Biological control has an expanding role in fruit pest management in the Northwest. Although fruit growers have accepted and used integrated mite management tactics for more than a generation, there is increasing emphasis on the biological control aspect of IPM for other pests.

There are many opportunities to improve biological control of fruit pests. Decisions to spray for a pest must be weighed carefully against the potential effects on predators and parasites. These decisions require better knowledge of the natural enemy complex and relative abundance of natural enemies. These strategies are already available for mites and the tentiform leafminer (see Indirect Pests).

Codling moth is the key to most of the pest management decisions in pear and apple. As a direct pest, one which damages the fruit, it has a low economic injury level. Codling moth probably originated in Soviet Central Asia and, with only one of its old-world parasites established in the Pacific Northwest, natural enemies have little impact. For the last 60 years or more, it has been controlled with insecticides, to the detriment of biological control of other pests.

New approaches to codling moth control include mating disruption (see section on Mating Disruption) and releases of sterile moths. Pests, such as the white apple leafhopper and western tentiform leafminer, should diminish in orchards where mating disruption replaces broad-spectrum insecticides. In addition, soft insecticide programs, such as those based on insect growth regulators, are being developed and should provide other selective, nondisruptive tools to control pests such as leafrollers and other pests that occur as sporadic outbreaks.

Left uncontrolled, codling moth will damage almost the entire crop. If nothing else, introducing and establishing codling moth’s natural enemies in trees outside the orchard, such as in crab apple and backyard trees, could halve the numbers of codling moth migrating into orchards from those sources.

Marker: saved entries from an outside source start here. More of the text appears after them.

lemma not_thickly_sensitive_if_small_invariant_opens:
  assumes "\<And>\<delta>. \<delta> > 0 \<Longrightarrow> \<exists>U. openin (Metric_space.mtopology M d) U \<and> U \<noteq> {} \<and>
             (\<forall>n. \<forall>x\<in>U. \<forall>y\<in>U. d ((T ^^ n) x) ((T ^^ n) y) \<le> \<delta>)"
  shows "\<not> thickly_sensitive M d T"
proof
  assume "thickly_sensitive M d T"
  then obtain \<delta> where "\<delta> > 0" and thick: "\<forall>U. openin (Metric_space.mtopology M d) U \<and> U \<noteq> {}
      \<longrightarrow> thick (S_T d T U \<delta>)"
    unfolding thickly_sensitive_def by blast
  obtain U where "openin (Metric_space.mtopology M d) U" "U \<noteq> {}"
    and small: "\<forall>n. \<forall>x\<in>U. \<forall>y\<in>U. d ((T ^^ n) x) ((T ^^ n) y) \<le> \<delta>"
    using assms[OF \<open>\<delta> > 0\<close>] by blast
  with thick have "thick (S_T d T U \<delta>)" by blast
  moreover have "S_T d T U \<delta> = {}" using small unfolding S_T_def by (auto simp: not_less)
  ultimately show False unfolding thick_def by simp
qed

lemma continuous_on_if_locally_lipschitz:
  assumes "\<And>x. x \<in> S \<Longrightarrow> \<exists>r>0. \<forall>y\<in>S. dist y x < r \<longrightarrow> dist (f y) (f x) \<le> L * dist y x"
  shows "continuous_on S f"
  unfolding continuous_on_iff
proof (intro ballI allI impI)
  fix x and \<epsilon> :: real
  assume "x \<in> S" "0 < \<epsilon>"
  obtain r where "0 < r" and lip: "\<forall>y\<in>S. dist y x < r \<longrightarrow> dist (f y) (f x) \<le> L * dist y x"
    using assms[OF \<open>x \<in> S\<close>] by blast
  define \<delta> where "\<delta> = min r (\<epsilon> / (\<bar>L\<bar> + 1))"
  have "dist (f y) (f x) < \<epsilon>" if "y \<in> S" "dist y x < \<delta>" for y
  proof -
    have "dist (f y) (f x) \<le> L * dist y x" using lip that by (simp add: \<delta>_def)
    also have "\<dots> \<le> (\<bar>L\<bar> + 1) * dist y x" by (intro mult_right_mono) simp_all
    also have "\<dots> < (\<bar>L\<bar> + 1) * (\<epsilon> / (\<bar>L\<bar> + 1))"
      using that(2) by (intro mult_strict_left_mono) (simp_all add: \<delta>_def)
    also have "\<dots> = \<epsilon>" by simp
    finally show ?thesis .
  qed
  moreover have "0 < \<delta>" using \<open>0 < r\<close> \<open>0 < \<epsilon>\<close> by (simp add: \<delta>_def)
  ultimately show "\<exists>\<delta>>0. \<forall>y\<in>S. dist y x < \<delta> \<longrightarrow> dist (f y) (f x) < \<epsilon>" by blast
qed

lemma openin_contains_subinterval:
  fixes lo hi :: real
  assumes "openin (top_of_set S) U" "x \<in> U" "x \<in> {lo..hi}" "lo < hi" "{lo..hi} \<subseteq> S"
  shows "\<exists>a b. a < b \<and> {a..b} \<subseteq> {lo..hi} \<and> {a..b} \<subseteq> U"
proof -
  obtain r where "0 < r" and r: "\<forall>y\<in>S. dist y x < r \<longrightarrow> y \<in> U"
    using assms(1,2) unfolding openin_euclidean_subtopology_iff by blast
  define a where "a = max lo (x - r / 2)"
  define b where "b = min hi (x + r / 2)"
  have "a < b" using assms(3,4) \<open>0 < r\<close> by (auto simp: a_def b_def)
  moreover have "{a..b} \<subseteq> {lo..hi}" by (auto simp: a_def b_def)
  moreover have "{a..b} \<subseteq> U"
  proof
    fix y assume "y \<in> {a..b}"
    then have "y \<in> S" "dist y x < r"
      using \<open>{a..b} \<subseteq> {lo..hi}\<close> assms(5) \<open>0 < r\<close> by (auto simp: a_def b_def dist_real_def)
    then show "y \<in> U" using r by blast
  qed
  ultimately show ?thesis by blast
qed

There has been limited foreign exploration for exotic enemies of pear psylla, which also originated in Eurasia. Studies published in the Soviet Union suggest that parasitoids related to the Trechnites species that is found in the Pacific Northwest give good control of pear psylla in eastern Europe and central Asia. It is difficult to find pear psylla there, even in commercial orchards where the climate is similar to that in the Northwest. It is important to find out if natural enemies are regulating pear psylla in those regions and, if so, what biological control agents should be imported. Similarly, additional natural enemies for San Jose scale, woolly apple aphid and leafrollers should be sought and imported as new biological control agents.

New pests

One of the greatest concerns for fruit growers is the invasion of the Pacific Northwest by new pests. Apple maggot and plum curculio, both endemic in the eastern United States, present real threats to the pome fruit industry. Although soft management programs have been developed for apple maggot, they are expensive and labor intensive. No soft insecticides or alternatives are available to control plum curculio. In the eastern United States one or two applications of broad-spectrum insecticides are used for control.

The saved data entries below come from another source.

(* Every almost reciprocal Puiseux monoid is atomic.
   Context: A Puiseux monoid is an additive submonoid of $(\mathbb{Q}_{\ge 0},+)$. For a positive rational $r = n/d$ in lowest terms, $\mathsf{d}(r) := d$. An almost reciprocal Puiseux monoid is a monoid of the form $\langle \frac{c_n}{d_n} \mid n \in \mathbb{N} \rangle$ (the submonoid of $\mathbb{Q}_{\ge 0}$ generated by these elements), where $(d_n)_{n\ge 1}$ is a strictly increasing sequence of positive integers whose terms are pairwise relatively prime, and $(c_n)_{n \ge 1}$ is a sequence of positive integers with $\gcd(c_n,d_n)=1$ for every $n$. An atom of $M$ is a nonzero element $a$ such that $a = x+y$ with $x,y \in M$ forces $x=0$ or $y=0$; $M$ is atomic if every element is a finite sum of atoms. *)

theory Defs
  imports Complex_Main
begin

inductive_set gen_monoid :: "rat set \<Rightarrow> rat set" for S :: "rat set" where
  zero: "0 \<in> gen_monoid S"
| add_gen: "x \<in> gen_monoid S \<Longrightarrow> s \<in> S \<Longrightarrow> x + s \<in> gen_monoid S"

definition is_atom :: "rat set \<Rightarrow> rat \<Rightarrow> bool" where
  "is_atom M a \<longleftrightarrow> a \<in> M \<and> a \<noteq> 0 \<and>
     (\<forall>x\<in>M. \<forall>y\<in>M. a = x + y \<longrightarrow> x = 0 \<or> y = 0)"

definition atomic_monoid :: "rat set \<Rightarrow> bool" where
  "atomic_monoid M \<longleftrightarrow> (\<forall>x\<in>M. x \<noteq> 0 \<longrightarrow>
     (\<exists>as. as \<noteq> [] \<and> (\<forall>a\<in>set as. is_atom M a) \<and> sum_list as = x))"

text \<open>Almost reciprocal Puiseux monoid data (sequences indexed from 0 instead of 1).\<close>
definition almost_reciprocal_data :: "(nat \<Rightarrow> nat) \<Rightarrow> (nat \<Rightarrow> nat) \<Rightarrow> bool" where
  "almost_reciprocal_data c d \<longleftrightarrow>
     strict_mono d \<and> (\<forall>n. 0 < d n) \<and> (\<forall>m n. m \<noteq> n \<longrightarrow> coprime (d m) (d n)) \<and>
     (\<forall>n. 0 < c n \<and> coprime (c n) (d n))"

end

theory Submission
  imports Defs
begin

text \<open>Let \<open>g n = c n / d n\<close>. If some generator \<open>g n\<close> is not an atom, positivity forces it to be a
sum of generators \<open>g m\<close> with \<open>m \<noteq> n\<close>. Multiplying by the product \<open>P\<close> of their denominators gives
an integer, so \<open>d n\<close> divides \<open>P c n\<close>, hence \<open>P\<close>; as \<open>d n\<close> is coprime to \<open>P\<close>, this means \<open>d n = 1\<close>.
Since the \<open>d n\<close> are distinct, at most one generator fails to be an atom, and that one is a sum of
the others. So every generator, and hence every element, is a sum of atoms.\<close>

lemma gen_monoid_range_iff:
  "x \<in> gen_monoid (range g) \<longleftrightarrow> (\<exists>ns. x = sum_list (map g ns))"
proof
  assume "x \<in> gen_monoid (range g)"
  then show "\<exists>ns. x = sum_list (map g ns)"
  proof (induction rule: gen_monoid.induct)
    case zero
    show ?case by (rule exI[of _ "[]"]) simp
  next
    case (add_gen x s)
    then obtain ns m where "x = sum_list (map g ns)" "s = g m" by auto
    then show ?case by (intro exI[of _ "ns @ [m]"]) simp
  qed
next
  have "sum_list (map g ns) \<in> gen_monoid (range g)" for ns
  proof (induction ns rule: rev_induct)
    case Nil
    show ?case by (simp add: gen_monoid.zero)
  next
    case (snoc m ns)
    then show ?case by (simp add: gen_monoid.add_gen)
  qed
  then show "\<exists>ns. x = sum_list (map g ns) \<Longrightarrow> x \<in> gen_monoid (range g)" by blast
qed

lemma generator_in_gen_monoid: "s \<in> S \<Longrightarrow> s \<in> gen_monoid S"
  using gen_monoid.add_gen[OF gen_monoid.zero] by simp

lemma atomic_gen_monoidI:
  assumes "\<And>s. s \<in> S \<Longrightarrow> \<exists>as. (\<forall>a\<in>set as. is_atom (gen_monoid S) a) \<and> sum_list as = s"
  shows "atomic_monoid (gen_monoid S)"
  unfolding atomic_monoid_def
proof (intro ballI impI)
  fix x assume "x \<in> gen_monoid S" "x \<noteq> 0"
  have "\<exists>as. (\<forall>a\<in>set as. is_atom (gen_monoid S) a) \<and> sum_list as = x"
    using \<open>x \<in> gen_monoid S\<close>
  proof (induction rule: gen_monoid.induct)
    case zero
    show ?case by (rule exI[of _ "[]"]) simp
  next
    case (add_gen x s)
    obtain as where "\<forall>a\<in>set as. is_atom (gen_monoid S) a" "sum_list as = x"
      using add_gen.IH by blast
    moreover obtain bs where "\<forall>a\<in>set bs. is_atom (gen_monoid S) a" "sum_list bs = s"
      using assms[OF add_gen.hyps(2)] by blast
    ultimately show ?case by (intro exI[of _ "as @ bs"]) (simp, blast)
  qed
  then obtain as where "\<forall>a\<in>set as. is_atom (gen_monoid S) a" "sum_list as = x"
    by blast
  moreover from this(2) have "as \<noteq> []"
    using \<open>x \<noteq> 0\<close> by auto
  ultimately show "\<exists>as. as \<noteq> [] \<and> (\<forall>a\<in>set as. is_atom (gen_monoid S) a) \<and> sum_list as = x"
    by blast
qed

lemma non_atom_generator_eq_sum_of_others:
  fixes g :: "nat \<Rightarrow> rat"
  assumes pos: "\<And>m. 0 < g m" and not_atom: "\<not> is_atom (gen_monoid (range g)) (g n)"
  shows "\<exists>ns. n \<notin> set ns \<and> g n = sum_list (map g ns)"
proof -
  have "g n \<in> gen_monoid (range g)" "g n \<noteq> 0"
    using generator_in_gen_monoid pos[of n] by auto
  then obtain x y where xy: "x \<in> gen_monoid (range g)" "y \<in> gen_monoid (range g)"
    "g n = x + y" "x \<noteq> 0" "y \<noteq> 0"
    using not_atom unfolding is_atom_def by blast
  obtain xs ys where x: "x = sum_list (map g xs)" and y: "y = sum_list (map g ys)"
    using xy(1,2) unfolding gen_monoid_range_iff by blast
  have sum_pos: "0 < sum_list (map g ms)" if "sum_list (map g ms) \<noteq> 0" for ms
    using that sum_list_nonneg[of "map g ms"] pos by (fastforce intro: less_imp_le)
  have "g m \<le> sum_list (map g ms)" if "m \<in> set ms" for m ms
    using that pos by (intro member_le_sum_list) (auto intro: less_imp_le)
  then have "n \<notin> set xs" "n \<notin> set ys"
    using sum_pos xy(3-5) unfolding x y by force+
  then show ?thesis
    using xy(3) unfolding x y by (intro exI[of _ "xs @ ys"]) simp
qed

lemma of_nat_mult_sum_fractions_in_Ints:
  assumes "\<And>m. m \<in> set ns \<Longrightarrow> d m dvd N"
  shows "of_nat N * sum_list (map (\<lambda>m. of_nat (c m) / of_nat (d m)) ns) \<in> (\<int> :: 'a :: field_char_0 set)"
  using assms
proof (induction ns)
  case Nil
  show ?case by simp
next
  case (Cons m ns)
  then obtain k where k: "N = d m * k" by auto
  have "of_nat N * (of_nat (c m) / of_nat (d m) :: 'a) \<in> \<int>"
  proof (cases "d m = 0")
    case False
    then have "of_nat N * (of_nat (c m) / of_nat (d m) :: 'a) = of_nat (c m * k)"
      by (simp add: k)
    then show ?thesis by simp
  qed simp
  then show ?case
    using Cons by (simp add: distrib_left)
qed

lemma dvd_if_of_nat_mult_fraction_in_Ints:
  fixes a b N :: nat
  assumes "coprime a b" "b \<noteq> 0" "of_nat N * (of_nat a / of_nat b :: 'a :: field_char_0) \<in> \<int>"
  shows "b dvd N"
proof -
  obtain k where "of_nat N * (of_nat a / of_nat b :: 'a) = of_int k"
    using assms(3) by (auto elim: Ints_cases)
  then have "(of_int (int N * int a) :: 'a) = of_int (int b * k)"
    using assms(2) by (simp add: field_simps)
  then have "int b dvd int (N * a)"
    unfolding of_int_eq_iff by simp
  then have "b dvd N * a"
    by (simp only: of_nat_dvd_iff)
  then show ?thesis
    using assms(1) by (simp add: coprime_commute coprime_dvd_mult_left_iff)
qed

context
  fixes c d :: "nat \<Rightarrow> nat"
  assumes data: "almost_reciprocal_data c d"
begin

private abbreviation g :: "nat \<Rightarrow> rat" where
  "g n \<equiv> of_nat (c n) / of_nat (d n)"

lemma almost_reciprocal_generator_pos: "0 < g n"
  using data unfolding almost_reciprocal_data_def by auto

lemma almost_reciprocal_generator_is_atom:
  assumes "d n \<noteq> 1"
  shows "is_atom (gen_monoid (range g)) (g n)"
proof (rule ccontr)
  assume "\<not> is_atom (gen_monoid (range g)) (g n)"
  then obtain ns where ns: "n \<notin> set ns" "g n = sum_list (map g ns)"
    using non_atom_generator_eq_sum_of_others[of g, OF almost_reciprocal_generator_pos] by blast
  define P where "P = (\<Prod>m\<in>set ns. d m)"
  have "of_nat P * g n \<in> \<int>"
    unfolding ns(2) P_def by (rule of_nat_mult_sum_fractions_in_Ints) (simp add: dvd_prodI)
  then have "d n dvd P"
    using data unfolding almost_reciprocal_data_def
    by (intro dvd_if_of_nat_mult_fraction_in_Ints) auto
  moreover have "coprime P (d n)"
    unfolding P_def using data ns(1) unfolding almost_reciprocal_data_def
    by (intro prod_coprime_left) (metis)
  ultimately show False
    using assms coprime_common_divisor_nat[of P "d n" "d n"] by simp
qed

lemma almost_reciprocal_generator_sum_of_atoms:
  "\<exists>as. (\<forall>a\<in>set as. is_atom (gen_monoid (range g)) a) \<and> sum_list as = g n"
proof (cases "is_atom (gen_monoid (range g)) (g n)")
  case True
  then show ?thesis by (intro exI[of _ "[g n]"]) simp
next
  case False
  then obtain ns where ns: "n \<notin> set ns" "g n = sum_list (map g ns)"
    using non_atom_generator_eq_sum_of_others[of g, OF almost_reciprocal_generator_pos] by blast
  have "d n = 1"
    using False almost_reciprocal_generator_is_atom by blast
  moreover have "inj d"
    using data strict_mono_imp_inj_on unfolding almost_reciprocal_data_def by blast
  ultimately have "d m \<noteq> 1" if "m \<in> set ns" for m
    using that ns(1) by (metis injD)
  then have "\<forall>m\<in>set ns. is_atom (gen_monoid (range g)) (g m)"
    using almost_reciprocal_generator_is_atom by blast
  then show ?thesis
    using ns(2) by (intro exI[of _ "map g ns"]) simp
qed

end

theorem corollary3p6:
  fixes c d :: "nat \<Rightarrow> nat"
  assumes "almost_reciprocal_data c d"
  shows "atomic_monoid (gen_monoid (range (\<lambda>n. of_nat (c n) / of_nat (d n) :: rat)))"
  using almost_reciprocal_generator_sum_of_atoms[OF assms]
  by (intro atomic_gen_monoidI) auto

end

Washington was recently colonized by two exotic pests of apple, apple ermine moth and winter moth. It should be possible to control winter moth by importing and establishing the parasites that now control it in Canada.

An outbreak of apple ermine moth was detected on suburban trees in the Bellingham area in 1985. It has since spread south to the Columbia River west of the Cascade mountain range. Populations near Bellingham have stabilized or declined because of the activities of generalist predators, such as birds and spiders. An important parasite of apple ermine moth from Eurasia has been established in the area to help improve biological control.

Apple ermine moth is not a threat to orchards where broad-spectrum insecticides are used regularly but could be a persistent pest in orchards where codling moth is controlled with mating disruption or sterile males.